**Stored data**
Segment Open
lemma weighted_cos_sum_eq:
  "(\<Sum>k\<le>6. cos (\<tau> * spectrum_list n ! k) / \<bar>eigval_gap k\<bar>)
    = ((A^2 - 1) * (B^2 - 1) * (B^2 - A^2) + A^2 * B^2 * (B^2 - A^2) * cos \<tau>
        + B^2 * (B^2 - 1) * cos (A * \<tau>) + A^2 * (A^2 - 1) * cos (B * \<tau>))
      / (A^2 * B^2 * (A^2 - 1) * (B^2 - 1) * (B^2 - A^2))"
proof -
  define x y where "x = A^2" "y = B^2"
  have xy: "1 < x" "x < y" using squares_bounds unfolding x_y_def by simp_all
  have partial_fractions: "1 / (x * y) + p / (2 * a * b) + p / (2 * a * b)
      + q / (2 * x * a * c) + q / (2 * x * a * c) + r / (2 * y * b * c) + r / (2 * y * b * c)
      = (a * b * c + x * y * c * p + y * b * q + x * a * r) / (x * y * a * b * c)"
    if "a \<noteq> 0" "b \<noteq> 0" "c \<noteq> 0" for a b c p q r :: real
    using that xy by (simp add: field_simps)
  have "cos (\<tau> * spectrum_list n ! 0) = 1" "cos (\<tau> * spectrum_list n ! 1) = cos \<tau>"
    "cos (\<tau> * spectrum_list n ! 2) = cos \<tau>" "cos (\<tau> * spectrum_list n ! 3) = cos (A * \<tau>)"
    "cos (\<tau> * spectrum_list n ! 4) = cos (A * \<tau>)" "cos (\<tau> * spectrum_list n ! 5) = cos (B * \<tau>)"
    "cos (\<tau> * spectrum_list n ! 6) = cos (B * \<tau>)"
    unfolding spectrum_list_def
    by (simp_all add: mult.commute) (subst cos_minus[symmetric], simp add: algebra_simps)
  then have "(\<Sum>k\<le>6. cos (\<tau> * spectrum_list n ! k) / \<bar>eigval_gap k\<bar>)
      = 1 / (x * y) + cos \<tau> / (2 * (x - 1) * (y - 1)) + cos \<tau> / (2 * (x - 1) * (y - 1))
        + cos (A * \<tau>) / (2 * x * (x - 1) * (y - x)) + cos (A * \<tau>) / (2 * x * (x - 1) * (y - x))
        + cos (B * \<tau>) / (2 * y * (y - 1) * (y - x)) + cos (B * \<tau>) / (2 * y * (y - 1) * (y - x))"
    unfolding sum_atMost_6 abs_eigval_gap_values x_y_def by (simp only:)
  also have "\<dots> = ((x - 1) * (y - 1) * (y - x) + x * y * (y - x) * cos \<tau>
        + y * (y - 1) * cos (A * \<tau>) + x * (x - 1) * cos (B * \<tau>)) / (x * y * (x - 1) * (y - 1) * (y - x))"
    by (rule partial_fractions) (use xy in auto)
  finally show ?thesis unfolding x_y_def .
qed

lemma weighted_cos_sum_pos:
  assumes "0 < \<tau>" "\<tau> < pi"
  shows "0 < (\<Sum>k\<le>6. cos (\<tau> * spectrum_list n ! k) / \<bar>eigval_gap k\<bar>)"
  unfolding weighted_cos_sum_eq using even_cos_poly_pos[OF even two_le assms] squares_bounds two_le
  by (intro divide_pos_pos mult_pos_pos) auto

lemma return_amplitude_pos:
  assumes "PST_at 6 J T" "0 < \<tau>" "\<tau> < pi"
  shows "0 < Re (cinner 6 (evol 6 J \<tau> (ebasis 0)) (ebasis 0))"
proof -
  have "Re (cinner 6 (evol 6 J \<tau> (ebasis 0)) (ebasis 0))
      = offdiag_prod * (\<Sum>k\<le>6. cos (\<tau> * spectrum_list n ! k) / \<bar>eigval_gap k\<bar>)"
    unfolding return_amplitude Re_sum sum_distrib_left
    by (intro sum.cong) (simp_all add: PST_at_weight[OF assms(1)])
  then show ?thesis using weighted_cos_sum_pos[OF assms(2,3)] offdiag_prod_pos by simp
qed

end

theorem theorem3p2:
  fixes m :: nat and a b :: "nat \<Rightarrow> real"
  assumes "m \<ge> 1"
    and "is_jacobi_params 6 a b"
    and "realizes_PST 6 (jacobi_mat 6 a b)"
    and "mat_spectrum 6 (jacobi_mat 6 a b) =
           {0, 1, -1, of_nat (2*m), - of_nat (2*m), of_nat (2*m+1), - of_nat (2*m+1)}"
  shows "\<not> exhibits_ESE 6 (jacobi_mat 6 a b)"
proof
  assume "exhibits_ESE 6 (jacobi_mat 6 a b)"
  then obtain T \<tau> where PST: "PST_at 6 (jacobi_mat 6 a b) T"
    and first: "\<forall>t. 0 < t \<and> t < T \<longrightarrow> \<not> PST_at 6 (jacobi_mat 6 a b) t"
    and \<tau>: "0 < \<tau>" "\<tau> < T" and excluded: "cinner 6 (evol 6 (jacobi_mat 6 a b) \<tau> (ebasis 0)) (ebasis 0) = 0"
    unfolding exhibits_ESE_def by blast
  interpret jacobi_even_spectrum "2 * m" a b
  proof
    show "0 < b i" if "i < 6" for i using assms(2) that unfolding is_jacobi_params_def by blast
    show "inj_on (\<lambda>k. spectrum_list (2 * m) ! k) {..6}"
      using distinct_spectrum_list[of "2 * m"] assms(1) by (intro inj_on_nth) (auto simp: spectrum_list_def)
    show "complex_of_real (spectrum_list (2 * m) ! k) \<in> mat_spectrum 6 (jacobi_mat 6 a b)" if "k \<le> 6" for k
    proof -
      have "k \<in> {0, 1, 2, 3, 4, 5, 6}" using that atMost_6 by blast
      then show ?thesis unfolding assms(4) by (auto simp: spectrum_list_def)
    qed
  qed (use assms(1) in auto)
  have "T \<le> pi" using first PST_at_pi[OF PST] pi_gt_zero by (meson not_le)
  then have "0 < Re (cinner 6 (evol 6 (jacobi_mat 6 a b) \<tau> (ebasis 0)) (ebasis 0))"
    using return_amplitude_pos[OF PST \<tau>(1)] \<tau>(2) by simp
  then show False using excluded by simp
qed

end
Segment Closed
**Task details**
Would you retype the lines above from the one with "spectrum_list n ! 6)" down to the one with "unfolding return_amplitude Re_sum", word for word, both ends included and no other lines?

**Task response**
    "cos (\<tau> * spectrum_list n ! 6) = cos (B * \<tau>)"
    unfolding spectrum_list_def
    by (simp_all add: mult.commute) (subst cos_minus[symmetric], simp add: algebra_simps)
  then have "(\<Sum>k\<le>6. cos (\<tau> * spectrum_list n ! k) / \<bar>eigval_gap k\<bar>)
      = 1 / (x * y) + cos \<tau> / (2 * (x - 1) * (y - 1)) + cos \<tau> / (2 * (x - 1) * (y - 1))
        + cos (A * \<tau>) / (2 * x * (x - 1) * (y - x)) + cos (A * \<tau>) / (2 * x * (x - 1) * (y - x))
        + cos (B * \<tau>) / (2 * y * (y - 1) * (y - x)) + cos (B * \<tau>) / (2 * y * (y - 1) * (y - x))"
    unfolding sum_atMost_6 abs_eigval_gap_values x_y_def by (simp only:)
  also have "\<dots> = ((x - 1) * (y - 1) * (y - x) + x * y * (y - x) * cos \<tau>
        + y * (y - 1) * cos (A * \<tau>) + x * (x - 1) * cos (B * \<tau>)) / (x * y * (x - 1) * (y - 1) * (y - x))"
    by (rule partial_fractions) (use xy in auto)
  finally show ?thesis unfolding x_y_def .
qed

lemma weighted_cos_sum_pos:
  assumes "0 < \<tau>" "\<tau> < pi"
  shows "0 < (\<Sum>k\<le>6. cos (\<tau> * spectrum_list n ! k) / \<bar>eigval_gap k\<bar>)"
  unfolding weighted_cos_sum_eq using even_cos_poly_pos[OF even two_le assms] squares_bounds two_le
  by (intro divide_pos_pos mult_pos_pos) auto

lemma return_amplitude_pos:
  assumes "PST_at 6 J T" "0 < \<tau>" "\<tau> < pi"
  shows "0 < Re (cinner 6 (evol 6 J \<tau> (ebasis 0)) (ebasis 0))"
proof -
  have "Re (cinner 6 (evol 6 J \<tau> (ebasis 0)) (ebasis 0))
      = offdiag_prod * (\<Sum>k\<le>6. cos (\<tau> * spectrum_list n ! k) / \<bar>eigval_gap k\<bar>)"
    unfolding return_amplitude Re_sum sum_distrib_left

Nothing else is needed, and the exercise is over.